Claudia Richter will ihre 74m²-Wohnung in Frankfurt/Main neu vermieten. Die Wohnung liegt in einem Gebiet mit Mietpreisbremse. Der Vormieter zahlte 14,20 €/m².

Schritt

Ergebnis

1. Mietspiegel Frankfurt/Main: Vergleichsmiete für Lage, Baujahr (1985) und Ausstattung

13,80 €/m²

2. Zulässiger Aufschlag (10 %)

1,38 €/m²

3. Maximal zulässige Miete

15,18 €/m²

4. Vormietermiete prüfen

14,20 €/m² (unter der Grenze)

5. Claudia darf verlangen

Bis 15,18 €/m²

Claudia entscheidet sich dafür 14,90 €/m² zu verlangen (1.103 Euro Kaltmiete), um die Wohnung zügig zu vermieten und gleichzeitig den zulässigen Rahmen auszuschöpfen.

Claudias Dokumentation im Mietvertrag: „Die Miete orientiert sich an der ortsüblichen Vergleichsmiete gemäß Mietspiegel Frankfurt 2024 (13,80 €/m²) zuzüglich des gesetzlich zulässigen Aufschlags von 10 % (15,18 €/m²). Die vereinbarte Miete von 14,90 €/m² liegt innerhalb dieses Rahmens."
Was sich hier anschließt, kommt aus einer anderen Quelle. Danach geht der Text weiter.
text \<open>Representative of the coset of f in S_b = R / R(x^n - b): the unique r of degree < n
  with f - r in the left ideal R(x^n - b).  Its coefficients 0..n-1 form v_b(coset of f).\<close>
definition skew_rem :: "('a::field \<Rightarrow> 'a) \<Rightarrow> nat \<Rightarrow> 'a \<Rightarrow> 'a poly \<Rightarrow> 'a poly" where
  "skew_rem \<theta> n b f = (THE r. degree r < n \<and> (\<exists>q. f = skew_mult \<theta> q (xpow n - [:b:]) + r))"

definition circulant :: "('a::field \<Rightarrow> 'a) \<Rightarrow> nat \<Rightarrow> 'a \<Rightarrow> 'a poly \<Rightarrow> 'a mat" where
  "circulant \<theta> n b f = mat n n (\<lambda>(i, j). coeff (skew_rem \<theta> n b (skew_mult \<theta> (xpow i) f)) j)"

definition theta_poly :: "('a::field \<Rightarrow> 'a) \<Rightarrow> int \<Rightarrow> 'a poly \<Rightarrow> 'a poly" where
  "theta_poly \<theta> m f = map_poly (theta_pow \<theta> m) f"

definition gamma :: "('a::field \<Rightarrow> 'a) \<Rightarrow> nat \<Rightarrow> 'a \<Rightarrow> 'a poly \<Rightarrow> 'a" where
  "gamma \<theta> n a g = a * inverse (coeff g 0) * (\<theta> ^^ n) (coeff g 0)"

definition rho_l :: "('a::field \<Rightarrow> 'a) \<Rightarrow> 'a poly \<Rightarrow> 'a poly" where
  "rho_l \<theta> f = (\<Sum>i\<le>degree f. monom ((\<theta> ^^ i) (coeff f (degree f - i))) i)"

definition rho_r :: "('a::field \<Rightarrow> 'a) \<Rightarrow> 'a poly \<Rightarrow> 'a poly" where
  "rho_r \<theta> f = (\<Sum>i\<le>degree f. monom (theta_pow \<theta> (int i - int (degree f)) (coeff f (degree f - i))) i)"

end

theory Submission
  imports Defs
begin

text \<open>Row \<open>i\<close> of \<open>M_b(f)\<close> is the remainder of \<open>x^i f\<close> modulo \<open>x^n - b\<close>; for \<open>deg f \<le> n\<close>
  each entry involves only two coefficients of \<open>f\<close>, so the transpose of such a circulant is again
  a circulant precisely when the coefficients satisfy a reflection condition. From \<open>x^n - a = h g\<close>
  and \<open>x^n g = \<theta>^n(g) x^n\<close> one obtains \<open>(x^n - c) g = \<theta>^n(g) (x^n - a)\<close> for \<open>c = \<gamma>(a, g)\<close>.
  Read coefficientwise this is the reflection condition for (1). It also lets right multiplication
  by \<open>g\<close> pass from the modulus \<open>x^n - c\<close> to \<open>x^n - a\<close>, so \<open>M_c(x^k) M_a(g) = M_a(x^k g)\<close> and (2)
  again reduces to a reflection. Cancelling \<open>g\<close> gives the corresponding relation for \<open>h\<close>, which is
  inherited by the left reciprocal of \<open>\<theta>^-n(h)\<close>; (3) is then (2) for that reciprocal.\<close>

lemma coeff_const_poly: "coeff [:c:] i = (if i = 0 then c else 0)"
  by (cases i) auto

lemma coeff_sum_monom: "coeff (\<Sum>s<n. monom (F s) s) m = (if m < n then F m else 0)"
  by (simp add: coeff_sum coeff_monom)

lemma circulant_dim [simp]:
  "dim_row (circulant \<theta> n b f) = n" "dim_col (circulant \<theta> n b f) = n"
  by (auto simp: circulant_def)

lemma theta_pow_of_nat [simp]: "theta_pow \<theta> (int m) = \<theta> ^^ m"
  by (simp add: theta_pow_def)

lemma theta_pow_uminus_of_nat: "theta_pow \<theta> (- int m) = inv_into UNIV \<theta> ^^ m"
  by (cases "m = 0") (auto simp: theta_pow_def)

text \<open>The cofactor \<open>\<theta>^n(g)\<close> witnesses \<open>(x^n - c) g \<in> R (x^n - a)\<close>, so right multiplication
  by \<open>g\<close> induces a map \<open>S_c \<rightarrow> S_a\<close>.\<close>
definition intertwines :: "('a::field \<Rightarrow> 'a) \<Rightarrow> nat \<Rightarrow> 'a \<Rightarrow> 'a \<Rightarrow> 'a poly \<Rightarrow> bool" where
  "intertwines \<theta> n c a g \<longleftrightarrow>
     skew_mult \<theta> (xpow n - [:c:]) g = skew_mult \<theta> (map_poly (\<theta> ^^ n) g) (xpow n - [:a:])"

locale skew_polynomial_ring =
  fixes \<theta> :: "'a::field \<Rightarrow> 'a"
  assumes automorphism: "field_automorphism \<theta>"
begin

lemma bij_theta: "bij \<theta>"
  using automorphism by (simp add: field_automorphism_def)

lemma iter_add [simp]: "(\<theta> ^^ i) (x + y) = (\<theta> ^^ i) x + (\<theta> ^^ i) y"
  using automorphism by (induction i) (auto simp: field_automorphism_def)

lemma iter_mult [simp]: "(\<theta> ^^ i) (x * y) = (\<theta> ^^ i) x * (\<theta> ^^ i) y"
  using automorphism by (induction i) (auto simp: field_automorphism_def)

lemma iter_1 [simp]: "(\<theta> ^^ i) 1 = 1"
  using automorphism by (induction i) (auto simp: field_automorphism_def)

lemma iter_0 [simp]: "(\<theta> ^^ i) 0 = 0"
proof -
  have "(\<theta> ^^ i) 0 + (\<theta> ^^ i) 0 = (\<theta> ^^ i) 0 + 0"
    using iter_add[of i 0 0] by simp
  then show ?thesis by (rule add_left_imp_eq)
qed

lemma iter_minus [simp]: "(\<theta> ^^ i) (- x) = - (\<theta> ^^ i) x"
  using iter_add[of i x "- x"] by (simp add: eq_neg_iff_add_eq_0 add.commute)

lemma iter_diff [simp]: "(\<theta> ^^ i) (x - y) = (\<theta> ^^ i) x - (\<theta> ^^ i) y"
  using iter_add[of i x "- y"] by simp

lemma iter_eq_iff [simp]: "(\<theta> ^^ i) x = (\<theta> ^^ i) y \<longleftrightarrow> x = y"
  using bij_theta by (meson bij_is_inj inj_fn injD)

lemma iter_eq_0_iff [simp]: "(\<theta> ^^ i) x = 0 \<longleftrightarrow> x = 0"
  using iter_eq_iff[of i x 0] by simp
Vergleichsrechnung: Was wäre ohne Mietpreisbremse?

Szenario

Kaltmiete/Monat

Differenz pro Jahr

Mit Mietpreisbremse (14,90 €/m²)

1.103 €

Referenz

Marktmiete laut Portal (17,50 €/m²)

1.295 €

+ 2.304 €

Vormietermiete beibehalten (14,20 €/m²)

1.051 €

– 624 €

Claudia schöpft den zulässigen Rahmen aus und erzielt 52 € mehr pro Monat als der Vormieter, ohne die Mietpreisbremse zu verletzen. Hätte sie die Marktmiete von 17,50 €/m² verlangt, wäre eine Rüge mit Rückforderungspotenzial von mehr als 4.200 € der letzten beiden Mietjahre die wahrscheinliche Folge gewesen.

Fazit

Die Mietpreisbremse begrenzt deine Mietforderung bei Neuvermietung auf 10 % über der ortsüblichen Vergleichsmiete. Die Ausnahmen für Neubau, umfassende Modernisierung und eine höhere Vormietermiete geben dir Spielraum, aber nur wenn du sie sauber dokumentierst und deiner Auskunftspflicht nachkommst. Ermittle die zulässige Miete immer über den Mietspiegel, informiere den Mieter vor Vertragsschluss über die Grundlage deiner Mietforderung (Kaltmiete) und bewahre deine Dokumentation auf. Das kostet zehn Minuten und schützt dich vor Rückforderungen, die bei fehlender Auskunft rückwirkend ab Mietbeginn auflaufen und schnell in die Tausende Euro gehen können.

Disclaimer

Dieser Artikel dient ausschließlich der allgemeinen Information und ersetzt keine individuelle Rechts-, Steuer- oder Finanzberatung. Die Inhalte wurden sorgfältig recherchiert, erheben jedoch keinen Anspruch auf Vollständigkeit oder Aktualität. Gesetzliche Regelungen, Steuersätze und Rechtsprechung können sich jederzeit ändern. Für Entscheidungsfindungen im Einzelfall empfehlen wir die Beratung durch einen Fachanwalt, Steuerberater oder unabhängigen Finanzierungsvermittler. Vestera übernimmt keine Haftung für Nachteile/Schäden, die aus der Verwendung der hier bereitgestellten Informationen entstehen.